The three important points that are to be considered are
1. Identify the dependencies between the components of an assembly. 2. Identify the dependencies
between the features of each part. 3. Analyze the order of assembling the parts.
15. Define the following terms: a) Interference fit b) Running and sliding fit
Interference fit: A fit between mating parts having limits of size so prescribed that an interference
always result in an assembly
Running and sliding fit: A special type of clearance fit. These are intended to provide a similar running
performance with suitable lubrication allowance throughout the range of sizes.
Part – B
The designer usually has approach to models that others are functioning on
concurrently. For example, different people may be creating one machine that has
different components. New parts are extra to an assembly model as they are generated.
Every designer has approach to the assembly model, during a work in progress, and while
working in their own components. The design development is noticeable to everyone
participated. Based on the system, it might be essential for the users to obtain the most
recent versions saved of every individual component to update the assembly.
The personal data files defining the 3D geometry of personal components are
assembled together via a number of sub assembly levels to generate an assembly
explaining the complete product. Every CAD methods support the bottom-up
construction. A few systems, through associative copying of geometry between
components allow top-down construction. Components can be situated within the
assembly applying absolute coordinate position methods.
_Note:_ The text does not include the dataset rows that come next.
lemma cauchy_schwarz_equality:
  fixes a :: "nat \<Rightarrow> real"
  assumes K: "card I > 0"
    and le: "(\<Sum>i\<in>I. (a i)^2) \<le> F" and Fp: "F > 0"
    and eq: "(\<Sum>i\<in>I. a i) = sqrt (real (card I) * F)"
  shows "(\<Sum>i\<in>I. (a i)^2) = F" and "\<forall>i\<in>I. a i > 0"
proof -
  have fin: "finite I" using K card_gt_0_iff by blast
  define s where "s = (\<Sum>j\<in>I. a j)"
  define K where "K = real (card I)"
  have Kp: "K > 0" using K unfolding K_def by simp
  have s2: "s^2 = K * F" unfolding s_def eq K_def using Kp Fp by simp
  have sp: "s > 0" unfolding s_def eq using Kp Fp K by simp
  have dev: "(\<Sum>i\<in>I. (a i - s / K)^2) = (\<Sum>i\<in>I. (a i)^2) - F"
    using sum_squares_deviation_mean[OF K, of a] Kp unfolding s_def[symmetric] K_def[symmetric] s2
    by simp
  moreover have "(\<Sum>i\<in>I. (a i - s / K)^2) \<ge> 0" by (rule sum_nonneg) simp
  ultimately show F: "(\<Sum>i\<in>I. (a i)^2) = F" using le by simp
  with dev have "(\<Sum>i\<in>I. (a i - s / K)^2) = 0" by simp
  then have "\<forall>i\<in>I. a i = s / K" using fin by (simp add: sum_nonneg_eq_0_iff)
  then show "\<forall>i\<in>I. a i > 0" using sp Kp by simp
qed

lemma offdiag_zero_if_sum_diag_eq_frobenius_sq:
  assumes T: "T \<in> carrier_mat n n"
    and eq: "(\<Sum>i<n. (cmod (T$$(i,i)))^2) = frobenius_sq T"
    and ij: "i < n" "j < n" "i \<noteq> j"
  shows "T$$(i,j) = 0"
proof -
  define off where "off i = (\<Sum>j\<in>{..<n}-{i}. (cmod (T$$(i,j)))^2)" for i
  have "frobenius_sq T = (\<Sum>i<n. (cmod (T$$(i,i)))^2 + off i)"
    unfolding frobenius_sq_def off_def using T
    by (auto intro!: sum.cong simp: sum.remove[of "{..<n}"])
  then have "(\<Sum>i<n. off i) = 0" using eq by (simp add: sum.distrib)
  then have "off i = 0"
    using ij by (subst (asm) sum_nonneg_eq_0_iff) (auto simp: off_def intro: sum_nonneg)
  then have "(cmod (T$$(i,j)))^2 = 0"
    using ij unfolding off_def by (subst (asm) sum_nonneg_eq_0_iff) auto
  then show ?thesis by simp
qed
lemma staircase_edges_connected:
  assumes len: "length t = length s" and x: "x \<in> \<Union>(staircase_edges s t)"
  shows "(adj_in (staircase_edges s t))\<^sup>*\<^sup>* s x"
proof -
  obtain e where "e \<in> staircase_edges s t" "x \<in> e" using x by blast
  then obtain i j where "i < length s" "min (s!i) (t!i) \<le> j" "j < max (s!i) (t!i)"
    "x = staircase s t i j \<or> x = staircase s t i (Suc j)"
    by (elim staircase_edgesE) auto
  then show ?thesis using staircase_reachable[OF len] by auto
qed

lemma staircase_edges_ends:
  assumes len: "length t = length s" and "s \<noteq> t"
  shows "s \<in> \<Union>(staircase_edges s t)" "t \<in> \<Union>(staircase_edges s t)"
proof -
  have "0 < length s" using assms by (cases s) auto
  then have "staircase s t (length s - 1) (t ! (length s - 1)) = t"
    using len by (intro nth_equalityI) (auto simp: nth_staircase)
  then have "(adj_in (staircase_edges s t))\<^sup>*\<^sup>* s t"
    using staircase_reachable[OF len, of "length s - 1" "t ! (length s - 1)"] \<open>0 < length s\<close>
    by simp
  from rtranclp_adj_in_endpoints[OF this \<open>s \<noteq> t\<close>]
  show "s \<in> \<Union>(staircase_edges s t)" "t \<in> \<Union>(staircase_edges s t)" by simp_all
qed

lemma staircase_union_connected:
  assumes len: "\<forall>t\<in>S. length t = length m"
  defines "H \<equiv> \<Union>t\<in>S. staircase_edges m t"
  shows "\<forall>x\<in>\<Union>H. \<forall>y\<in>\<Union>H. (adj_in H)\<^sup>*\<^sup>* x y"
proof -
  have reach: "(adj_in H)\<^sup>*\<^sup>* m x" if "x \<in> \<Union>H" for x
  proof -
    from that obtain t where t: "t \<in> S" "x \<in> \<Union>(staircase_edges m t)"
      unfolding H_def by (elim UnionE UN_E) blast
    have "length t = length m" using len t(1) by blast
    have "staircase_edges m t \<subseteq> H" unfolding H_def using t(1) by (rule UN_upper)
    then show ?thesis
      by (rule rtranclp_adj_in_mono) (rule staircase_edges_connected[OF \<open>length t = length m\<close> t(2)])
  qed
  show ?thesis
  proof (intro ballI)
    fix x y assume "x \<in> \<Union>H" "y \<in> \<Union>H"
    from rtranclp_adj_in_sym[OF reach[OF \<open>x \<in> \<Union>H\<close>]] reach[OF \<open>y \<in> \<Union>H\<close>]
    show "(adj_in H)\<^sup>*\<^sup>* x y" by (rule rtranclp_trans)
  qed
qed

lemma staircase_union_ends:
  assumes "length t = length m" "t \<in> S" "t \<noteq> m"
  shows "t \<in> \<Union>(\<Union>s\<in>S. staircase_edges m s)" "m \<in> \<Union>(\<Union>s\<in>S. staircase_edges m s)"
  using assms(2) staircase_edges_ends[OF assms(1) assms(3)[symmetric]] by blast+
Mating conditions are defines of the relative location of mechanism between each
other; for example axis position of two holes or distance between two faces. The final
place of all objects based on these relationships is computing using a geometry constraint
engine built into the CAD package.
Every part is included into the active part making a component request and thus an
assembly. The component will be the child of the active part and then it will be the active part.
Hence an instance of the actual part is applied; it revises automatically if the archived part is
edited by activating.
Bottom up Hierarchy:
The ‘bottom up’ assembly design hierarchy of the basic assembly is shown in figure . All
the parts exist prior to Part1. When Part1 is generated, it becomes the active. It would utilize
the menu sequence to add Bracket and it becomes the active part.
Insert > Component
Or
Assembly Design Tool Bar >
In automated assembly schemes, most parts are assembled along with the principal
axis. Hence, to fine interference between parts while assembly, the projected technique
referred six assembly directions along with the principal assembly axis: +x, -x, +y, -y, +z, and -z.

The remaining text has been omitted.